Duneane Parish Church is a rare and well-preserved early 18th-century rural vernacular Church of Ireland building, constructed in 1729. It stands as one of only a few surviving examples of this type from the period, as noted by architectural historian Sam Hutchinson in Towers Spires and Pinnacles (2003). The church occupies a site with exceptionally deep historical roots, on the east side of Duneane Road in the townland of Lisamacloskey, and retains its original graveyard and avenue setting largely intact.

The building is a double-height, single-cell rectangular structure, oriented to face west. The roof is pitched and covered in natural slate with blue-black clay roll-top ridge tiles and masonry verge coping. Walls are roughcast throughout. Half-round cast-iron gutters serve as rainwater goods.

The west gable is centrally abutted by a gabled porch and surmounted by a segmental arch-headed bellcote with a round-headed aperture housing a bell, which dates from around 1827 at a recorded cost of £7. The exposed section of the west gable is blank, with a wall-mounted painted stone plaque to the left end — a fragment originally located within the floor pavement of the earlier structure on the site. The porch has a central lancet window, and its left cheek contains a pointed-arch-headed painted timber diagonally boarded double-leaf door set within a painted smooth-rendered chamfered architrave.

The north elevation is two windows wide, with a single-bay vestry abutting the right end and carrying a catslide roof. The exposed section of the north elevation has one timber Y-tracery window to the left and one geometric-tracery window to the right. The vestry elevation is blank; its left cheek has a lancet window and its right cheek has a pointed-arch-headed sheeted painted timber door.

The east gable has a central double-height geometric-tracery window. The south elevation carries a sundial to the left end, with a Y-tracery window to the left and a geometric-tracery window to the right.

Windows throughout are a mixture of two types that visibly represent the two main phases of the building's development. The lancet windows are cast-iron diamond-lattice-glazed casements with margin lights.
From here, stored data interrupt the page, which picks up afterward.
(* Let $d\ge2$, let $K$ be a number field, let $\mathbf A,\mathbf B\in K[t]$ be nonzero coprime polynomials and $\mathbf c=\mathbf A/\mathbf B$. Let $v\in\Omega_{\mathbb Q}$ be a non-archimedean place such that (i) every coefficient of $\mathbf A$ and of $\mathbf B$ is a $v$-adic integer; (ii) the resultant of $\mathbf A$ and $\mathbf B$ and the leading coefficients of $\mathbf A$ and of $\mathbf B$ are $v$-adic units; (iii) if the constant coefficient $a_0$ of $\mathbf A$ is nonzero, then $a_0$ is a $v$-adic unit. Then for each $\lambda\in\overline{\mathbb Q}^*$, $$\frac{\log M_{\mathbf c,n,v}(\lambda)}{d^n}=\frac{\log M_{\mathbf c,1,v}(\lambda)}{d}\quad\text{for all }n\ge1.$$
   Context: For each $v\in\Omega_{\mathbb Q}$ a fixed extension of $|\cdot|_v$ to $\overline{\mathbb Q}$ is used; $x$ is a $v$-adic integer if $|x|_v\le1$ and a $v$-adic unit if $|x|_v=1$. The polynomials $\mathbf A_{\mathbf c,n},\mathbf B_{\mathbf c,n}$ are defined by: $\mathbf A_{\mathbf c,0}=\mathbf A$, $\mathbf B_{\mathbf c,0}=\mathbf B$; if $\mathbf A(0)\neq0$ then $\mathbf A_{\mathbf c,1}=\mathbf A^d+t\mathbf B^d$, $\mathbf B_{\mathbf c,1}=\mathbf A\mathbf B^{d-1}$, while if $\mathbf A(0)=0$ then $\mathbf A_{\mathbf c,1}=(\mathbf A^d+t\mathbf B^d)/t$, $\mathbf B_{\mathbf c,1}=\mathbf A\mathbf B^{d-1}/t$; for $n\ge1$, $\mathbf A_{\mathbf c,n+1}=\mathbf A_{\mathbf c,n}^d+t\mathbf B_{\mathbf c,n}^d$, $\mathbf B_{\mathbf c,n+1}=\mathbf A_{\mathbf c,n}\mathbf B_{\mathbf c,n}^{d-1}$. Finally $M_{\mathbf c,n,v}(\lambda)=\max\{|\mathbf A_{\mathbf c,n}(\lambda)|_v,|\mathbf B_{\mathbf c,n}(\lambda)|_v\}$. *)

theory Defs
  imports "Subresultants.Resultant_Prelim" "HOL-Computational_Algebra.Computational_Algebra"
begin

text \<open>Algebraic closure of Q modelled as the algebraic complex numbers.\<close>

definition number_field :: "complex set \<Rightarrow> bool" where
  "number_field K \<longleftrightarrow>
     0 \<in> K \<and> 1 \<in> K \<and>
     (\<forall>x\<in>K. \<forall>y\<in>K. x + y \<in> K \<and> x * y \<in> K \<and> - x \<in> K) \<and>
     (\<forall>x\<in>K. x \<noteq> 0 \<longrightarrow> inverse x \<in> K) \<and>
     (\<exists>bs :: complex list. \<forall>x\<in>K. \<exists>qs :: rat list. length qs = length bs \<and>
         x = (\<Sum>i<length bs. of_rat (qs ! i) * bs ! i))"

definition padic_abs :: "nat \<Rightarrow> rat \<Rightarrow> real" where
  "padic_abs p q = (if q = 0 then 0 else
     (let (a, b) = quotient_of q in
       real p powr (- (real (multiplicity (int p) a) - real (multiplicity (int p) b)))))"

definition padic_abs_ext :: "nat \<Rightarrow> (complex \<Rightarrow> real) \<Rightarrow> bool" where
  "padic_abs_ext p f \<longleftrightarrow>
     (\<forall>x. algebraic x \<longrightarrow> f x \<ge> 0 \<and> (f x = 0 \<longleftrightarrow> x = 0)) \<and>
     (\<forall>x y. algebraic x \<longrightarrow> algebraic y \<longrightarrow> f (x * y) = f x * f y) \<and>
     (\<forall>x y. algebraic x \<longrightarrow> algebraic y \<longrightarrow> f (x + y) \<le> f x + f y) \<and>
     (\<forall>q. f (of_rat q) = padic_abs p q)"

definition v_integer :: "(complex \<Rightarrow> real) \<Rightarrow> complex \<Rightarrow> bool" where
  "v_integer f x \<longleftrightarrow> f x \<le> 1"

definition v_unit :: "(complex \<Rightarrow> real) \<Rightarrow> complex \<Rightarrow> bool" where
  "v_unit f x \<longleftrightarrow> f x = 1"

fun AB_seq :: "nat \<Rightarrow> complex poly \<Rightarrow> complex poly \<Rightarrow> nat \<Rightarrow> complex poly \<times> complex poly" where
  "AB_seq d A B 0 = (A, B)"
| "AB_seq d A B (Suc 0) =
     (if poly A 0 \<noteq> 0 then (A ^ d + [:0, 1:] * B ^ d, A * B ^ (d - 1))
      else ((A ^ d + [:0, 1:] * B ^ d) div [:0, 1:], (A * B ^ (d - 1)) div [:0, 1:]))"
| "AB_seq d A B (Suc (Suc n)) =
     (let (An, Bn) = AB_seq d A B (Suc n) in (An ^ d + [:0, 1:] * Bn ^ d, An * Bn ^ (d - 1)))"

definition M_cnv :: "nat \<Rightarrow> complex poly \<Rightarrow> complex poly \<Rightarrow> nat \<Rightarrow> (complex \<Rightarrow> real) \<Rightarrow> complex \<Rightarrow> real" where
  "M_cnv d A B n f z = max (f (poly (fst (AB_seq d A B n)) z)) (f (poly (snd (AB_seq d A B n)) z))"

end

theory Submission
  imports Defs
begin

text \<open>An absolute value on the algebraic numbers that is bounded on the integers is
  ultrametric. For n \<ge> 1 the values x_n, y_n of A_{c,n}, B_{c,n} at \<lambda> follow
  (x, y) \<mapsto> (x^d + \<lambda> y^d, x y^(d-1)). If |\<lambda>| > 1, the unit leading coefficients give
  |A(\<lambda>)| = |\<lambda>|^deg A and |B(\<lambda>)| = |\<lambda>|^deg B; the two terms of x_1 then have exponents
  that differ modulo d, so |x_1|^d > |\<lambda>| |y_1|^d, and this dominance propagates with
  M_{n+1} = |x_n|^d = M_n^d. If |\<lambda>| \<le> 1, Cramer's rule for the Sylvester matrix writes the
  unit resultant as an integral combination of A(\<lambda>) and B(\<lambda>), so the pair is primitive,
  max(|A(\<lambda>)|, |B(\<lambda>)|) = 1; primitivity, in the form max(|x|^d, |\<lambda>| |y|^d) = 1,
  propagates and M_n = 1. Either way M_n = M_1^(d^(n-1)).\<close>

section \<open>Algebraic numbers\<close>

interpretation rat_vs: vector_space "\<lambda>(r::rat) (z::complex). of_rat r * z"
  by unfold_locales (simp_all add: algebra_simps of_rat_add of_rat_mult)

lemma rat_vs_span_scale: "u \<in> rat_vs.span S \<Longrightarrow> c \<in> \<rat> \<Longrightarrow> c * u \<in> rat_vs.span S"
  by (metis Rats_cases rat_vs.span_scale)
The pointed-arch windows are either painted timber Y-tracery casements or sandstone geometric-tracery with stained glass. The Y-tracery windows are believed to date from around 1800; the geometric-tracery windows with stained glass are associated with the 1878 addition of the porch and vestry. A modern lean-to boiler shed, added around 1990, is attached to the west and is of no architectural interest.

The preserved interior and furnishings appear to date from the late 19th-century building phase of 1878.
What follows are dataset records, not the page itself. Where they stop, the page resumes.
section \<open>Partitions as lists\<close>

lemma part_pos_iff:
  assumes "\<forall>x\<in>set a. 0 < x" "1 \<le> i"
  shows "0 < part a i \<longleftrightarrow> i \<le> length a"
  using assms nth_mem[of "i - 1" a] by (auto simp: part_def)

lemma partition_fun_part:
  assumes "is_partition n a"
  shows "partition_fun (part a) (length a)"
  unfolding partition_fun_def
proof (intro conjI allI impI monotone_onI)
  fix i j :: nat
  assume "i \<in> {1..}" "j \<in> {1..}" "i \<le> j"
  with assms show "part a j \<le> part a i"
    by (cases "i = j") (auto simp: part_def is_partition_def sorted_wrt_iff_nth_less)
next
  fix i :: nat
  assume "1 \<le> i"
  with assms show "0 < part a i \<longleftrightarrow> i \<le> length a"
    by (simp add: part_pos_iff is_partition_def)
qed

lemma part_inject:
  assumes "\<forall>x\<in>set a. 0 < x" "\<forall>x\<in>set b. 0 < x" "\<And>i. 1 \<le> i \<Longrightarrow> part a i = part b i"
  shows "a = b"
proof (rule nth_equalityI)
  show "length a = length b"
    by (rule eq_if_same_thresholds_above[of 0])
      (use assms part_pos_iff[OF assms(1)] part_pos_iff[OF assms(2)] in auto)
  fix m
  assume "m < length a"
  then show "a ! m = b ! m"
    using assms(3)[of "Suc m"] \<open>length a = length b\<close> by (simp add: part_def)
qed

lemma conj_fun_part:
  assumes "1 \<le> j"
  shows "conj_fun (part b) j = length (filter (\<lambda>x. j \<le> x) b)"
proof -
  have "{i. 1 \<le> i \<and> j \<le> part b i} = Suc ` {m. m < length b \<and> j \<le> b ! m}"
    (is "?L = ?R")
  proof
    show "?L \<subseteq> ?R"
    proof
      fix i
      assume "i \<in> ?L"
      then have "i - 1 \<in> {m. m < length b \<and> j \<le> b ! m}" "i = Suc (i - 1)"
        using assms by (auto simp: part_def split: if_splits)
      then show "i \<in> ?R" by blast
    qed
    show "?R \<subseteq> ?L"
      by (auto simp: part_def)
  qed
  then show ?thesis
    by (simp add: conj_fun_def length_filter_conv_card card_image)
qed

lemma part_conj_part:
  assumes "partition_fun (part b) t" "1 \<le> j"
  shows "part (conj_part b) j = conj_fun (part b) j"
proof (cases "j \<le> part b 1")
  case True
  then show ?thesis
    using assms(2) by (auto simp: part_def conj_part_def conj_fun_part simp del: upt_Suc)
next
  case False
  have "part b i < j" if "1 \<le> i" for i
    using False that partition_fun_antimono[OF assms(1), of 1 i] by simp
  then have empty: "{i. 1 \<le> i \<and> j \<le> part b i} = {}"
    by (auto simp: not_le[symmetric])
  have "conj_fun (part b) j = 0"
    unfolding conj_fun_def empty by simp
  then show ?thesis
    using False by (simp add: part_def conj_part_def)
qed

lemma conj_part_pos: "\<forall>x\<in>set (conj_part b). 0 < x"
proof
  fix x
  assume "x \<in> set (conj_part b)"
  then obtain j where j: "1 \<le> j" "j \<le> part b 1" and x: "x = length (filter (\<lambda>x. j \<le> x) b)"
    by (auto simp: conj_part_def)
  then have "b ! 0 \<in> set (filter (\<lambda>x. j \<le> x) b)"
    by (auto simp: part_def split: if_splits intro!: nth_mem)
  then show "0 < x"
    using x by (metis length_pos_if_in_set)
qed

lemma alpha_bar_pos: "\<forall>x\<in>set (alpha_bar q s). 0 < x"
  by (auto simp: alpha_bar_def)

lemma diag_seq_is_iff:
  "diag_seq_is a L \<longleftrightarrow> (\<forall>k\<ge>1. card (diag_set (part a) k) = part L k)"
  by (simp add: diag_seq_is_def diag_def diag_set_def part_def)

lemma eq_alpha_bar_if_distinct_parts:
  assumes "is_partition n a" "1 \<le> q" "diag_seq_is a (diag_shape q s)"
    and distinct: "\<And>i. 1 \<le> i \<Longrightarrow> i < length a \<Longrightarrow> part a (Suc i) \<noteq> part a i"
  shows "a = alpha_bar q s"
proof (rule part_inject)
  have P: "partition_fun (part a) (length a)"
    using assms(1) by (rule partition_fun_part)
  have "distinct_parts (part a) (length a)"
    unfolding distinct_parts_def
  proof (intro conjI P allI impI)
    fix i
    assume "1 \<le> i" "i < length a"
    then show "part a (Suc i) < part a i"
      using distinct partition_fun_antimono[OF P, of i "Suc i"] by fastforce
  qed
  then show "part a i = part (alpha_bar q s) i" if "1 \<le> i" for i
    using distinct_parts_diag_shape[OF _ assms(2) _ that] assms(3) by (simp add: diag_seq_is_iff)
  show "\<forall>x\<in>set a. 0 < x"
    using assms(1) by (simp add: is_partition_def)
qed (rule alpha_bar_pos)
The present nave was built in 1729 to the east of an earlier monastic chapel of ease that had belonged to the Abbey of Kells, County Meath. The 1729 church is believed to be approximately one quarter the length of the earlier chapel. That earlier structure was demolished around 1700, though fragments survive: the east gable foundation and the stone plaque now mounted on the west gable. The 1836 Ordnance Survey Memoirs describe the church as "50 feet long and 19 feet wide, and containing accommodation for 227 persons. It was erected in 1729," and note that it was originally built of mud. The church appears on all Ordnance Survey maps from 1833 onwards and also on Lendrick's Map of 1782.

The site carries traditions of great antiquity. The 1837 Ordnance Survey Memoir recalls a tradition that St Patrick (around 378 to 493 AD) built a church on or near the present site, and another tradition claims the church was founded around 500 AD by St Bridget (around 451–524). At or before around 1540, during the general Dissolution of Monasteries, the chapel was separated from monastic ownership and became a parish church. After the Siege of Derry in 1689, the landowner Major Dobbin demolished three quarters of the church because it had become too large for the remaining congregation; the east gable was then rebuilt and the side walls repaired, though these walls were recorded as decayed by 1837. The 1837 Memoir describes the east gable as constructed upon a portion of ancient wall that protrudes from the gable base, and recalls: "According to tradition, the old wall at the east gable and the two present side walls belonged to a monastic building that extended to four times the present length of the church. The entrance gate of the yard was then close to the door... still two large blocks of stone laid down like an unfinished cromlech... used as a horseblock by the monks and their successors." The rector in 1837 was the Reverend George McCartney and the curate was the Reverend William Boyes. Church records are available for baptisms from 1879, marriages from 1846, and burials from 1878.

The church is set within a graveyard enclosed by rendered boundary walls and hedges. Access from Duneane Road is via a long gravel drive lined with rendered boundary walls, with conical gate pillars and modern gates at both ends. The cylindrical gate piers date from the reign of Queen Anne (reigned 1702–1714). The graveyard to the west is formally arranged, with burials on a grid and a central avenue flanked by yew trees. It contains numerous fine 18th-century gravestones, several sculpted table tombs, chest tombs and slab tombs, and many wrought-iron and cast-iron railings enclosing family plots. Graves were placed over the foundations of the ancient buildings on the site. The oldest visible tomb is a chest tomb dedicated to the Dobbin family, dated 1716, flanked by further heraldic-crested Dobbin family chest tombs and gravestones. The oldest visible gravestone to the northeast commemorates Art McCleaver (around 1697–1759), though numerous other gravestones appear to be earlier but are now illegible. One gravestone inscription speaks to connections beyond the rural setting: "To the memory of John Bones, who died on the 1st of February 1799, aged 66 years, as a tribute of filial gratitude to one of the best of parents, this stone is erected by an affectionate son, who after a long absence from his native country visits the grave of his father with feelings of undiminished regret 1st September 1822, John Bones 1st February 1799."

The listing covers the church, pillars and gates. The building is also a scheduled monument.